[Work order]
Copy out all of the data below exactly, so that no word differs from the original.

[Source material]
********************
(* In the setting described in the context, for each $\hat{i}\in I$ let $t_{\hat{i}}$ be the optimal value and $\alpha^{(\hat{i})}$ an optimal solution of \[ \min_{\alpha}\ \sum_{j\in J}a_{\hat{i}j}\hat{x}_j-\sum_{j\in J_{\hat{i}}}\alpha_{\hat{i}j}|\hat{x}_j|-b_{\hat{i}} \] subject to $\sum_{j\in J}a_{ij}\hat{x}_j-\sum_{j\in J_i}\alpha_{ij}|\hat{x}_j|\ge b_i$ for all $i\in I$, $\alpha\in\Omega$, $\alpha\ge0$. Let $i^*\in\arg\min_{\hat{i}\in I}t_{\hat{i}}$ and $\alpha^*=\alpha^{(i^* )}$. Then the optimal value of RLO-IU-DG is $t_{i^*}$, and there exists an optimal solution of RLO-IU-DG with $\alpha_i=\alpha^*_i$ for all $i\in I$, $c=\bar{a}_{i^*}(\alpha^*_{i^*},\hat{x})$, and $\pi=e_{i^*}$. Moreover, if for every $i\in I$ either $b_i>0$ or $a_{ij}\neq0$ for some $j\in J\setminus J_i$, then this solution satisfies $c\neq0$ and $\bar{a}_i(\alpha_i,x)\neq0$ for all $i\in I$ and all $x\in\mathbb{R}^n$.
   Context: Let $I=\{1,\dots,m\}$, $J=\{1,\dots,n\}$. Given are $a_{ij}\in\mathbb{R}$ ($i\in I,j\in J$), $b\in\mathbb{R}^m$, nonempty index sets $J_i\subseteq J$ ($i\in I$), an observed point $\hat{x}\in\mathbb{R}^n$, and a convex set $\Omega$ of collections $\alpha=(\alpha_{ij})_{j\in J_i,i\in I}$; $\alpha_i$ denotes $(\alpha_{ij})_{j\in J_i}$. Let $\mathrm{sgn}(t)=1$ if $t\ge0$ and $-1$ otherwise, and $e_i$ the $i$-th unit vector of $\mathbb{R}^m$. For $\alpha_i\ge0$ and $x\in\mathbb{R}^n$, $\bar{a}_i(\alpha_i,x)\in\mathbb{R}^n$ has components $\bar{a}_{ij}(\alpha_i,x)=a_{ij}-\mathrm{sgn}(x_j)\alpha_{ij}$ if $j\in J_i$ and $\bar{a}_{ij}(\alpha_i,x)=a_{ij}$ if $j\in J\setminus J_i$. The problem RLO-IU-DG is \[ \min_{\alpha,c,u,\pi,\lambda,\mu}\ \sum_{j\in J}c_j\hat{x}_j-\sum_{i\in I}b_i\pi_i \] subject to: $\alpha\in\Omega$; $\alpha_{ij}\hat{x}_j+u_{ij}\ge0$ and $-\alpha_{ij}\hat{x}_j+u_{ij}\ge0$ for all $j\in J_i,i\in I$; $\sum_{j\in J}a_{ij}\hat{x}_j-\sum_{j\in J_i}u_{ij}\ge b_i$ for all $i\in I$; $\alpha_{ij}\ge0$ for all $j\in J_i,i\in I$; $\sum_{i\in I}\pi_i=1$; $\sum_{i\in I}a_{ij}\pi_i+\sum_{i\in I:j\in J_i}\alpha_{ij}(\lambda_{ij}-\mu_{ij})=c_j$ for all $j\in J$; $\pi_i=\lambda_{ij}+\mu_{ij}$ for all $j\in J_i,i\in I$; $\pi_i,\lambda_{ij},\mu_{ij}\ge0$ for all $j\in J_i,i\in I$. Here $c\in\mathbb{R}^n$, $\pi\in\mathbb{R}^m$, and $u_{ij},\lambda_{ij},\mu_{ij}$ are real variables indexed by $j\in J_i,i\in I$. *)

theory Defs
  imports Complex_Main
begin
********************
[Response to this task]
(* In the setting described in the context, for each $\hat{i}\in I$ let $t_{\hat{i}}$ be the optimal value and $\alpha^{(\hat{i})}$ an optimal solution of \[ \min_{\alpha}\ \sum_{j\in J}a_{\hat{i}j}\hat{x}_j-\sum_{j\in J_{\hat{i}}}\alpha_{\hat{i}j}|\hat{x}_j|-b_{\hat{i}} \] subject to $\sum_{j\in J}a_{ij}\hat{x}_j-\sum_{j\in J_i}\alpha_{ij}|\hat{x}_j|\ge b_i$ for all $i\in I$, $\alpha\in\Omega$, $\alpha\ge0$. Let $i^*\in\arg\min_{\hat{i}\in I}t_{\hat{i}}$ and $\alpha^*=\alpha^{(i^* )}$. Then the optimal value of RLO-IU-DG is $t_{i^*}$, and there exists an optimal solution of RLO-IU-DG with $\alpha_i=\alpha^*_i$ for all $i\in I$, $c=\bar{a}_{i^*}(\alpha^*_{i^*},\hat{x})$, and $\pi=e_{i^*}$. Moreover, if for every $i\in I$ either $b_i>0$ or $a_{ij}\neq0$ for some $j\in J\setminus J_i$, then this solution satisfies $c\neq0$ and $\bar{a}_i(\alpha_i,x)\neq0$ for all $i\in I$ and all $x\in\mathbb{R}^n$.
   Context: Let $I=\{1,\dots,m\}$, $J=\{1,\dots,n\}$. Given are $a_{ij}\in\mathbb{R}$ ($i\in I,j\in J$), $b\in\mathbb{R}^m$, nonempty index sets $J_i\subseteq J$ ($i\in I$), an observed point $\hat{x}\in\mathbb{R}^n$, and a convex set $\Omega$ of collections $\alpha=(\alpha_{ij})_{j\in J_i,i\in I}$; $\alpha_i$ denotes $(\alpha_{ij})_{j\in J_i}$. Let $\mathrm{sgn}(t)=1$ if $t\ge0$ and $-1$ otherwise, and $e_i$ the $i$-th unit vector of $\mathbb{R}^m$. For $\alpha_i\ge0$ and $x\in\mathbb{R}^n$, $\bar{a}_i(\alpha_i,x)\in\mathbb{R}^n$ has components $\bar{a}_{ij}(\alpha_i,x)=a_{ij}-\mathrm{sgn}(x_j)\alpha_{ij}$ if $j\in J_i$ and $\bar{a}_{ij}(\alpha_i,x)=a_{ij}$ if $j\in J\setminus J_i$. The problem RLO-IU-DG is \[ \min_{\alpha,c,u,\pi,\lambda,\mu}\ \sum_{j\in J}c_j\hat{x}_j-\sum_{i\in I}b_i\pi_i \] subject to: $\alpha\in\Omega$; $\alpha_{ij}\hat{x}_j+u_{ij}\ge0$ and $-\alpha_{ij}\hat{x}_j+u_{ij}\ge0$ for all $j\in J_i,i\in I$; $\sum_{j\in J}a_{ij}\hat{x}_j-\sum_{j\in J_i}u_{ij}\ge b_i$ for all $i\in I$; $\alpha_{ij}\ge0$ for all $j\in J_i,i\in I$; $\sum_{i\in I}\pi_i=1$; $\sum_{i\in I}a_{ij}\pi_i+\sum_{i\in I:j\in J_i}\alpha_{ij}(\lambda_{ij}-\mu_{ij})=c_j$ for all $j\in J$; $\pi_i=\lambda_{ij}+\mu_{ij}$ for all $j\in J_i,i\in I$; $\pi_i,\lambda_{ij},\mu_{ij}\ge0$ for all $j\in J_i,i\in I$. Here $c\in\mathbb{R}^n$, $\pi\in\mathbb{R}^m$, and $u_{ij},\lambda_{ij},\mu_{ij}$ are real variables indexed by $j\in J_i,i\in I$. *)

theory Defs
  imports Complex_Main
begin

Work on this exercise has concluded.